Boris Eldagsen is a German born photographer and video artist using lens based art to access subconscious reality. I find the combination of a medium that is best known for its connection to the real an intriguing way of going about this. Instead of presenting us with a chronological, rational or even narrative structure Boris seeks to send us a tidal wave of emotion and psychological grip. The work, which he describes as poetry, operates as such. I would describe it as a guttural expression of the inner workings of his subconscious mind. He may or may not explain it. The point is that he doesn’t need to – that’s what the work is for.

What initially interested you in photography?

First, its entanglement with reality. Initially people use photography to show ‘reality’, the ‘truth’. But what is reality, what is ‘the’ truth? From a philosophical perspective, there are over a dozen theories on this, each one based on an unvalidated assumption. If there is no absolute truth, how can a machine such as the camera fix it? It can’t. But it deceives us on this fact.

The second reason is that photography works with light. And that light has always been a misleading symbol of the divine.

The third reason is a paradoxical task that I have given to myself: Can I show an internal psychological structure by using material that is in front of the camera?

What sustains your interest and keeps you making work?

The artist’s journey is a journey of consciousness, of going deeper, of becoming aware of the vast sea of the unconscious. I will never be able to reach the depths. And I am too curious to stop.



Tell us a little about your technical choices.

I photograph at night to explore the limits of depiction. Rather than exploring stories, a place or a person, I hijack and transform the external reality, to paint a reality beyond time and space: that of the unconscious. I create pictures that are inaccessible to the rational mind, and compel the viewer to turn to their own memories and feelings. Thus I call my photographs POEMS.

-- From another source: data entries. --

definition proper_contraction :: "'a::metric_space set \<Rightarrow> ('a \<Rightarrow> 'a) \<Rightarrow> bool" where
  "proper_contraction K g \<longleftrightarrow> g ` K \<subseteq> K \<and> continuous_on K g \<and>
     (\<exists>c1 c2::real. 0 < c1 \<and> c1 \<le> c2 \<and> c2 < 1 \<and>
        (\<forall>x\<in>K. \<forall>y\<in>K. c1 * dist x y \<le> dist (g x) (g y) \<and> dist (g x) (g y) \<le> c2 * dist x y))"

definition open_set_condition :: "'a::metric_space set \<Rightarrow> nat \<Rightarrow> (nat \<Rightarrow> 'a \<Rightarrow> 'a) \<Rightarrow> bool" where
  "open_set_condition K n \<gamma> \<longleftrightarrow>
     (\<exists>V. openin (top_of_set K) V \<and> V \<noteq> {} \<and> (\<Union>i<n. \<gamma> i ` V) \<subseteq> V \<and>
        (\<forall>i<n. \<forall>j<n. i \<noteq> j \<longrightarrow> \<gamma> i ` V \<inter> \<gamma> j ` V = {}))"

definition self_similar_measure ::
  "'a::metric_space set \<Rightarrow> nat \<Rightarrow> (nat \<Rightarrow> 'a \<Rightarrow> 'a) \<Rightarrow> (nat \<Rightarrow> real) \<Rightarrow> 'a measure \<Rightarrow> bool" where
  "self_similar_measure K n \<gamma> p \<mu> \<longleftrightarrow>
     prob_space \<mu> \<and> sets \<mu> = sets (restrict_space borel K) \<and>
     (\<forall>E\<in>sets \<mu>. measure \<mu> E = (\<Sum>i<n. p i * measure \<mu> (\<gamma> i -` E \<inter> K)))"

definition measure_separation_condition :: "'a::metric_space set \<Rightarrow> nat \<Rightarrow> (nat \<Rightarrow> 'a \<Rightarrow> 'a) \<Rightarrow> bool" where
  "measure_separation_condition K n \<gamma> \<longleftrightarrow>
     (\<forall>p \<mu>. (\<forall>i<n. 0 < p i) \<and> (\<Sum>i<n. p i) = 1 \<and> self_similar_measure K n \<gamma> p \<mu> \<longrightarrow>
        (\<forall>i<n. \<forall>j<n. i \<noteq> j \<longrightarrow> measure \<mu> (\<gamma> i ` K \<inter> \<gamma> j ` K) = 0))"
lemma abs_heat_conv_diff_le:
  fixes h1 h2 :: "real \<times> real \<Rightarrow> real"
  assumes t: "0 \<le> t" and l: "0 \<le> l" and B: "0 \<le> B"
    and h1: "continuous_on (rect t) h1" and h2: "continuous_on (rect t) h2"
    and bound: "\<And>s y. (s,y) \<in> rect t \<Longrightarrow> \<bar>h1 (s,y) - h2 (s,y)\<bar> \<le> B * exp (l * s)"
  shows "\<bar>heat_conv h1 (t,x) - heat_conv h2 (t,x)\<bar> \<le> B * exp (l * t) * heat_laplace_bound l"
proof -
  define g1 where "g1 = (\<lambda>p. indicator (rect t) p * h1 p)"
  define g2 where "g2 = (\<lambda>p. indicator (rect t) p * h2 p)"
  have g1: "g1 \<in> borel_measurable borel" and g2: "g2 \<in> borel_measurable borel"
    unfolding g1_def g2_def by (intro borel_measurable_indicator_rect_mult h1 h2)+
  obtain B1 where "B1 > 0" "\<And>p. p \<in> rect t \<Longrightarrow> \<bar>h1 p\<bar> \<le> B1"
    using continuous_on_rect_bounded[OF h1] by blast
  hence B1: "0 \<le> B1" "\<And>p. p \<in> rect t \<Longrightarrow> \<bar>g1 p\<bar> \<le> B1" by (auto simp: g1_def)
  obtain B2 where "B2 > 0" "\<And>p. p \<in> rect t \<Longrightarrow> \<bar>h2 p\<bar> \<le> B2"
    using continuous_on_rect_bounded[OF h2] by blast
  hence B2: "0 \<le> B2" "\<And>p. p \<in> rect t \<Longrightarrow> \<bar>g2 p\<bar> \<le> B2" by (auto simp: g2_def)
  have "heat_conv h1 (t,x) - heat_conv h2 (t,x)
        = integral\<^sup>L lborel (\<lambda>s. heat_slice t x g1 s - heat_slice t x g2 s)"
    unfolding heat_conv_eq_integral_heat_slice[OF h1] heat_conv_eq_integral_heat_slice[OF h2]
      g1_def[symmetric] g2_def[symmetric]
    by (intro Bochner_Integration.integral_diff[symmetric] integrable_heat_slice[OF g1 B1(2) B1(1) t]
        integrable_heat_slice[OF g2 B2(2) B2(1) t])
  also have "\<dots> = integral\<^sup>L lborel (heat_slice t x (\<lambda>p. g1 p - g2 p))"
    by (intro Bochner_Integration.integral_cong refl heat_slice_diff[OF g1 g2 B1(2) B2(2)])
  finally have eq: "heat_conv h1 (t,x) - heat_conv h2 (t,x) = \<dots>" .
  have "\<bar>g1 (s,y) - g2 (s,y)\<bar> \<le> B * exp (l * s)" if "(s,y) \<in> rect t" for s y
    using bound[OF that] that by (simp add: g1_def g2_def)
  hence "(\<integral>\<^sup>+s. ennreal \<bar>heat_slice t x (\<lambda>p. g1 p - g2 p) s\<bar> \<partial>lborel)
      \<le> (\<integral>\<^sup>+s. ennreal (indicator {0..<t} s * (heatG_majorant (t - s) * (B * exp (l * s)))) \<partial>lborel)"
    by (intro nn_integral_mono ennreal_leI abs_heat_slice_le) (use B in auto)
  also have "\<dots> \<le> ennreal (B * exp (l * t) * heat_laplace_bound l)"
    by (rule nn_integral_majorant_mult_exp_le[OF t l B])
  finally show ?thesis unfolding eq
    by (rule abs_integral_le_of_nn_integral_le) (use B heat_laplace_bound_nonneg[OF l] in auto)
qed
(* For every $0<c<1$ there exist a constant $K>0$ and infinitely many positive integers $k$ such that, for each such $k$, there is an instance with committee size $k$ and an exhaustive affordable committee $W$ satisfying EJR whose utilitarian ratio is at most $K/k^{1-c}$.
   Context: An instance $(A,C,k)$ consists of a finite nonempty candidate set $C$, voters $N=\{1,\dots,n\}$, approval sets $A_i\subseteq C$, and a committee size $1\le k\le|C|$. A committee is $W\subseteq C$ with $|W|\le k$; it is exhaustive if $|W|=k$. $\mathrm{sw}(W)=\sum_i|A_i\cap W|$; the utilitarian ratio is $\mathrm{sw}(W)/\max\{\mathrm{sw}(W'):|W'|=k\}$. $W$ is affordable if there are $p_i:C\to\mathbb{R}_{\ge0}$ with $p_i(c)=0$ for $c\notin A_i$, $\sum_c p_i(c)\le k/n$, $\sum_i p_i(c)=1$ for $c\in W$, $\sum_i p_i(c)=0$ for $c\notin W$. $W$ satisfies EJR if for every $\ell\in\{1,\dots,k\}$ and every group $N'\subseteq N$ with $|N'|\ge\ell n/k$ and $|\bigcap_{i\in N'}A_i|\ge\ell$, some $i\in N'$ has $|A_i\cap W|\ge\ell$. *)

theory Defs
  imports Complex_Main
begin

(* Candidates are natural numbers; voters are N = {1..n};
   A i is the approval set of voter i. *)

definition is_instance :: "nat set \<Rightarrow> nat \<Rightarrow> (nat \<Rightarrow> nat set) \<Rightarrow> nat \<Rightarrow> bool" where
  "is_instance C n A k \<longleftrightarrow> finite C \<and> C \<noteq> {} \<and> n \<ge> 1 \<and>
     (\<forall>i\<in>{1..n}. A i \<subseteq> C) \<and> 1 \<le> k \<and> k \<le> card C"

definition is_committee :: "nat set \<Rightarrow> nat \<Rightarrow> nat set \<Rightarrow> bool" where
  "is_committee C k W \<longleftrightarrow> W \<subseteq> C \<and> card W \<le> k"

definition exhaustive :: "nat \<Rightarrow> nat set \<Rightarrow> bool" where
  "exhaustive k W \<longleftrightarrow> card W = k"

definition sw :: "nat \<Rightarrow> (nat \<Rightarrow> nat set) \<Rightarrow> nat set \<Rightarrow> nat" where
  "sw n A W = (\<Sum>i\<in>{1..n}. card (A i \<inter> W))"

definition opt_sw :: "nat set \<Rightarrow> nat \<Rightarrow> (nat \<Rightarrow> nat set) \<Rightarrow> nat \<Rightarrow> nat" where
  "opt_sw C n A k = Max {sw n A W' | W'. W' \<subseteq> C \<and> card W' = k}"

definition util_ratio :: "nat set \<Rightarrow> nat \<Rightarrow> (nat \<Rightarrow> nat set) \<Rightarrow> nat \<Rightarrow> nat set \<Rightarrow> real" where
  "util_ratio C n A k W = real (sw n A W) / real (opt_sw C n A k)"

definition affordable :: "nat set \<Rightarrow> nat \<Rightarrow> (nat \<Rightarrow> nat set) \<Rightarrow> nat \<Rightarrow> nat set \<Rightarrow> bool" where
  "affordable C n A k W \<longleftrightarrow> (\<exists>p :: nat \<Rightarrow> nat \<Rightarrow> real.
     (\<forall>i\<in>{1..n}. \<forall>c\<in>C. p i c \<ge> 0) \<and>
     (\<forall>i\<in>{1..n}. \<forall>c\<in>C. c \<notin> A i \<longrightarrow> p i c = 0) \<and>
     (\<forall>i\<in>{1..n}. (\<Sum>c\<in>C. p i c) \<le> real k / real n) \<and>
     (\<forall>c\<in>W. (\<Sum>i\<in>{1..n}. p i c) = 1) \<and>
     (\<forall>c\<in>C - W. (\<Sum>i\<in>{1..n}. p i c) = 0))"

definition EJR :: "nat \<Rightarrow> (nat \<Rightarrow> nat set) \<Rightarrow> nat \<Rightarrow> nat set \<Rightarrow> bool" where
  "EJR n A k W \<longleftrightarrow> (\<forall>l\<in>{1..k}. \<forall>N'. N' \<subseteq> {1..n} \<longrightarrow>
     real (card N') \<ge> real l * real n / real k \<longrightarrow>
     card (\<Inter>i\<in>N'. A i) \<ge> l \<longrightarrow>
     (\<exists>i\<in>N'. card (A i \<inter> W) \<ge> l))"

end

theory Submission
  imports Defs "HOL-Library.FuncSet"
begin

text \<open>Let \<open>b = a t\<close>, \<open>s = b^a\<close> and \<open>k = b s = b^(a+1)\<close>.  Half of the \<open>2 k\<close> candidates form
  a grid of \<open>s\<close> rows of length \<open>b\<close>; the other half is the committee \<open>W\<close>, cut into \<open>m = t s\<close>
  blocks of \<open>a\<close> candidates.  For every function \<open>f\<close> from rows to columns and every block \<open>u\<close> one
  voter approves the graph of \<open>f\<close> together with block \<open>u\<close>.  Each voter approves \<open>a\<close> members of
  \<open>W\<close> but \<open>s\<close> grid cells, so the utilitarian ratio of \<open>W\<close> is at most \<open>a / s = a / (a t)^a\<close>,
  which is \<open>O(1 / k^(1-c))\<close> as soon as \<open>c (a + 1) \<ge> 1\<close>.
  \<open>W\<close> is affordable since all its members have equally many supporters and all voters approve
  equally many of its members.  It satisfies EJR since a group that is cohesive beyond level
  \<open>a\<close> either shares a member of \<open>W\<close>, which confines it to one block and thus to \<open>n / m\<close> voters,
  or shares at least \<open>a + 1\<close> grid cells, which fixes the functions of its members on \<open>a + 1\<close>
  rows and leaves at most \<open>n / b^(a+1) = n / k\<close> voters.\<close>

lemma sw_le_opt_sw:
  assumes "finite C" "X \<subseteq> C" "card X = k"
  shows "sw n A X \<le> opt_sw C n A k"
proof -
  have "{sw n A W' | W'. W' \<subseteq> C \<and> card W' = k} \<subseteq> sw n A ` Pow C" by auto
  then have "finite {sw n A W' | W'. W' \<subseteq> C \<and> card W' = k}"
    using assms(1) finite_subset by blast
  then show ?thesis
    unfolding opt_sw_def using assms(2,3) by (auto intro: Max_ge)
qed

lemma util_ratio_le_sw_ratio:
  assumes "finite C" "X \<subseteq> C" "card X = k" "0 < sw n A X"
  shows "util_ratio C n A k W \<le> real (sw n A W) / real (sw n A X)"
  unfolding util_ratio_def
  using sw_le_opt_sw[OF assms(1-3), of n A] assms(4) by (intro divide_left_mono) auto

text \<open>Every approver of a committee member pays the same share \<open>1/q\<close> for it.\<close>

lemma affordable_if_equal_support:
  assumes "finite C" "W \<subseteq> C" "q > 0"
    and support: "\<And>c. c \<in> W \<Longrightarrow> card {i\<in>{1..n}. c \<in> A i} = q"
    and budget: "\<And>i. i \<in> {1..n} \<Longrightarrow> real (card (A i \<inter> W)) \<le> real q * real k / real n"
  shows "affordable C n A k W"
proof -
  define p where "p = (\<lambda>i c. if c \<in> W \<inter> A i then 1 / real q else 0)"
  have "(\<Sum>c\<in>C. p i c) \<le> real k / real n" if "i \<in> {1..n}" for i
  proof -
    have "C \<inter> {c. c \<in> W \<inter> A i} = A i \<inter> W" using assms(2) by auto
    then have "(\<Sum>c\<in>C. p i c) = real (card (A i \<inter> W)) / real q"
      unfolding p_def using assms(1) by (simp add: sum.If_cases)
    also have "\<dots> \<le> real k / real n"
      using budget[OF that] assms(3) by (simp add: divide_le_eq mult.commute)
    finally show ?thesis .
  qed
  moreover have "(\<Sum>i\<in>{1..n}. p i c) = 1" if "c \<in> W" for c
    using support[OF that] that assms(3) unfolding p_def by (simp add: sum.If_cases Int_def)
  ultimately show ?thesis
    unfolding affordable_def by (intro exI[of _ p]) (auto simp: p_def)
qed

Without excessive materials or digital effects, I combine the techniques of street and staged photography to create images that sit between painting, film and theatre.

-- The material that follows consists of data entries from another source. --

(* Let $\mathbf X$ be a random variable with values in $\mathcal X$ and density $p(\mathbf x)$, and let $\mathcal A$ be a finite set. For Q-functions $Q_0,Q_1:\mathcal X\times\mathcal A\to(0,\infty)$ and a real number $\gamma\notin\{0,-1\}$ define $$H_\gamma(Q_0,Q_1)=-\frac1\gamma\,\mathbb E\Bigg[\frac{\sum_{a\in\mathcal A}Q_0(\mathbf X,a)\,Q_1(\mathbf X,a)^{\gamma}}{\big\{\sum_{a\in\mathcal A}Q_1(\mathbf X,a)^{1+\gamma}\big\}^{\frac{\gamma}{1+\gamma}}}\Bigg],\qquad D_\gamma(Q_0,Q_1)=H_\gamma(Q_0,Q_1)-H_\gamma(Q_0,Q_0),$$ assuming all these expectations are finite. Then $D_\gamma(Q_0,Q_1)\ge 0$, with equality if and only if $Q_0\sim Q_1$.
   Context: A Q-function is a measurable function $Q:\mathcal X\times\mathcal A\to(0,\infty)$. Policy equivalence: $Q_0\sim Q_1$ means there exists a function $\eta:\mathcal X\to(0,\infty)$ such that $Q_1(\mathbf x,a)=\eta(\mathbf x)Q_0(\mathbf x,a)$ for all $a\in\mathcal A$ and (almost) every $\mathbf x\in\mathcal X$, where "almost every" is with respect to the distribution of $\mathbf X$. $\mathbb E$ is expectation with respect to $\mathbf X$. *)

theory Defs
  imports "HOL-Probability.Probability"
begin

text \<open>The distribution of the random variable X on the state space is modelled by a
probability measure P on the type 'x; expectations over X are Lebesgue integrals
w.r.t. P. The finite action set is a finite type 'a.\<close>

definition Q_function :: "'x measure \<Rightarrow> ('x \<Rightarrow> 'a \<Rightarrow> real) \<Rightarrow> bool" where
  "Q_function P Q \<longleftrightarrow> (\<forall>a. (\<lambda>x. Q x a) \<in> borel_measurable P) \<and> (\<forall>x a. Q x a > 0)"

definition policy_equiv :: "'x measure \<Rightarrow> ('x \<Rightarrow> 'a \<Rightarrow> real) \<Rightarrow> ('x \<Rightarrow> 'a \<Rightarrow> real) \<Rightarrow> bool" where
  "policy_equiv P Q0 Q1 \<longleftrightarrow>
     (\<exists>\<eta> :: 'x \<Rightarrow> real. (\<forall>x. \<eta> x > 0) \<and> (AE x in P. \<forall>a. Q1 x a = \<eta> x * Q0 x a))"

definition H_integrand :: "real \<Rightarrow> ('x \<Rightarrow> 'a::finite \<Rightarrow> real) \<Rightarrow> ('x \<Rightarrow> 'a \<Rightarrow> real) \<Rightarrow> 'x \<Rightarrow> real" where
  "H_integrand \<gamma> Q0 Q1 x =
     (\<Sum>a\<in>UNIV. Q0 x a * Q1 x a powr \<gamma>) / ((\<Sum>a\<in>UNIV. Q1 x a powr (1 + \<gamma>)) powr (\<gamma> / (1 + \<gamma>)))"

definition H_gamma :: "'x measure \<Rightarrow> real \<Rightarrow> ('x \<Rightarrow> 'a::finite \<Rightarrow> real) \<Rightarrow> ('x \<Rightarrow> 'a \<Rightarrow> real) \<Rightarrow> real" where
  "H_gamma P \<gamma> Q0 Q1 = - (1 / \<gamma>) * (\<integral>x. H_integrand \<gamma> Q0 Q1 x \<partial>P)"

definition D_gamma :: "'x measure \<Rightarrow> real \<Rightarrow> ('x \<Rightarrow> 'a::finite \<Rightarrow> real) \<Rightarrow> ('x \<Rightarrow> 'a \<Rightarrow> real) \<Rightarrow> real" where
  "D_gamma P \<gamma> Q0 Q1 = H_gamma P \<gamma> Q0 Q1 - H_gamma P \<gamma> Q0 Q0"

end

theory Submission
  imports Defs
begin

text \<open>Write \<open>p = 1 + \<gamma>\<close> and \<open>\<alpha> = 1 / p\<close>. At a fixed state put \<open>a = Q\<^sub>0 powr p\<close> and
\<open>b = Q\<^sub>1 powr p\<close>. The integrand of \<open>H\<^sub>\<gamma>(Q\<^sub>0, Q\<^sub>1)\<close> is
\<open>(\<Sum> a powr \<alpha> * b powr (1 - \<alpha>)) / (\<Sum> b) powr (1 - \<alpha>)\<close>, and that of \<open>H\<^sub>\<gamma>(Q\<^sub>0, Q\<^sub>0)\<close> is
\<open>(\<Sum> a) powr \<alpha>\<close>. As \<open>\<gamma> = p\<^sup>2 \<alpha> (1 - \<alpha>)\<close>, comparing the two is Hoelder's inequality when
\<open>0 < \<alpha> < 1\<close> and the reverse Hoelder inequality otherwise. Both follow from the weighted AM-GM
inequality \<open>\<alpha> (1 - \<alpha>) (x powr \<alpha> * y powr (1 - \<alpha>) - \<alpha> x - (1 - \<alpha>) y) \<le> 0\<close>, which holds for
every \<open>\<alpha>\<close> with equality only at \<open>x = y\<close>; this equality case forces \<open>Q\<^sub>1\<close> to be proportional
to \<open>Q\<^sub>0\<close>. Hence \<open>\<gamma>\<^sup>2 D\<^sub>\<gamma>\<close> is the integral of a nonnegative function, which vanishes almost
everywhere exactly when \<open>Q\<^sub>0 \<sim> Q\<^sub>1\<close>.\<close>

lemma powr_sub_one_sign:
  fixes z \<beta> :: real
  assumes "z > 0" "z \<noteq> 1" "\<beta> \<noteq> 0"
  shows "0 < \<beta> * (z - 1) * (z powr \<beta> - 1)"
proof -
  have "z powr \<beta> > 1 \<longleftrightarrow> \<beta> * ln z > 0" "z powr \<beta> < 1 \<longleftrightarrow> \<beta> * ln z < 0"
    using assms(1) by (simp_all add: powr_def)
  moreover have "ln z > 0 \<longleftrightarrow> z > 1" "ln z < 0 \<longleftrightarrow> z < 1" using assms(1) by simp_all
  ultimately show ?thesis using assms
    by (auto simp: zero_less_mult_iff mult_less_0_iff)
qed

My influences come from art historical movements that have dealt with the unconscious (eg. Romanticism, Symbolism and Surrealism).

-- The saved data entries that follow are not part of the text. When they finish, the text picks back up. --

lemma LIMSEQ_root_shift_scale:
  fixes b :: "nat \<Rightarrow> real"
  assumes lim: "(\<lambda>k. root k (b k)) \<longlonglongrightarrow> L" and "0 < L" and pos: "\<And>k. 0 < b k" and "0 < c"
  shows "(\<lambda>k. root (k + d) (c * b k)) \<longlonglongrightarrow> L"
proof -
  have "(\<lambda>k. root (k + d) c * root k (b k) powr (real k / real (k + d))) \<longlonglongrightarrow> 1 * L powr 1"
  proof (intro tendsto_mult tendsto_powr lim)
    show "(\<lambda>k. root (k + d) c) \<longlonglongrightarrow> 1"
      using LIMSEQ_root_const[OF \<open>0 < c\<close>] by (rule LIMSEQ_ignore_initial_segment)
    show "(\<lambda>k. real k / real (k + d)) \<longlonglongrightarrow> 1"
      by real_asymp
  qed (use \<open>0 < L\<close> in simp)
  moreover have "\<forall>\<^sub>F k in sequentially.
      root (k + d) c * root k (b k) powr (real k / real (k + d)) = root (k + d) (c * b k)"
    using eventually_ge_at_top[of 1]
  proof eventually_elim
    case (elim k)
    have "root (k + d) (b k) = root (k + d) (root k (b k) ^ k)"
      using elim pos[of k] by (simp add: real_root_pow_pos)
    also have "\<dots> = root k (b k) powr (real k / real (k + d))"
      using elim pos[of k] by (intro root_power_eq_powr) (auto intro: real_root_gt_zero)
    finally show ?case
      by (simp add: real_root_mult)
  qed
  ultimately show ?thesis
    using \<open>0 < L\<close> by (simp add: Lim_transform_eventually)
qed

section \<open>The growth rate\<close>

lemma growth_rate_eq_0:
  assumes "a N = 0"
  shows "growth_rate = 0"
proof -
  have "\<forall>\<^sub>F n in sequentially. root n (real (a n)) = 0"
    using eventually_ge_at_top[of N] by eventually_elim (simp add: a_eq_0_mono[OF assms])
  then have "(\<lambda>n. root n (real (a n))) \<longlonglongrightarrow> 0"
    by (rule tendsto_eventually)
  then show ?thesis
    unfolding growth_rate_def by (rule limI)
qed

lemma growth_rate_eq_Inf:
  assumes "\<And>n. a n \<noteq> 0"
  shows "growth_rate = (INF k\<in>{1..}. root k (real (a (k + 2)) / 6))"
proof -
  define b where "b k = real (a (k + 2)) / 6" for k
  have ge_1: "1 \<le> b k" for k
    using a_ge_6[of "k + 2"] assms by (simp add: b_def)
  have "b (i + j) \<le> b i * b j" for i j
  proof -
    have "6 * a (i + j + 2) \<le> a (i + 2) * a (j + 2)"
      using a_submultiplicative[of "i + 2" "j + 2"] by simp
    then have "6 * real (a (i + j + 2)) \<le> real (a (i + 2)) * real (a (j + 2))"
      by (metis of_nat_le_iff of_nat_mult of_nat_numeral)
    then show ?thesis
      unfolding b_def by simp
  qed
  with ge_1 have "(\<lambda>k. root k (b k)) \<longlonglongrightarrow> (INF k\<in>{1..}. root k (b k))"
    by (rule fekete_submultiplicative)
  moreover have "0 < (INF k\<in>{1..}. root k (b k))"
    using ge_1 by (intro less_le_trans[OF zero_less_one] cInf_greatest) auto
  moreover have "0 < b k" for k
    using ge_1 by (rule less_le_trans[OF zero_less_one])
  ultimately have "(\<lambda>k. root (k + 2) (6 * b k)) \<longlonglongrightarrow> (INF k\<in>{1..}. root k (b k))"
    by (rule LIMSEQ_root_shift_scale) simp
  then have "(\<lambda>k. root (k + 2) (real (a (k + 2)))) \<longlonglongrightarrow> (INF k\<in>{1..}. root k (b k))"
    by (simp add: b_def)
  then have "(\<lambda>n. root n (real (a n))) \<longlonglongrightarrow> (INF k\<in>{1..}. root k (b k))"
    by (rule LIMSEQ_offset)
  then show ?thesis
    unfolding growth_rate_def b_def by (rule limI)
qed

Why poems? What is special about poetry that fits with photography more so than short fiction or other writing in your opinion?

A poem uses words in creative ways to evoke feelings and memories. It is much more open than a story. You need to finish it with your mind, heart & soul. Most photo artists and photographers think in series and stories. I left that behind, too.


What do you hope to gain through making images and the artistic process?

Intrinsic reward. Satisfaction. Feeling the Flow. Call it what you like.

You have done a lot of collaborative work. What do you enjoy about this way of working? What does it bring to the final outcome?

I have learned from each collaboration. Collaborating with others opens up new ways of thinking and working. The challenge is to identify the strengths and not the weaknesses of the involved artists. If you manage to create an artistic dance with the strengths, you can create an outcome that you will never be able to produce alone.

What do you hope your viewer will gain from looking at your work?

A new perspective on themselves.

What is your most successful piece of work so far and how do you define success?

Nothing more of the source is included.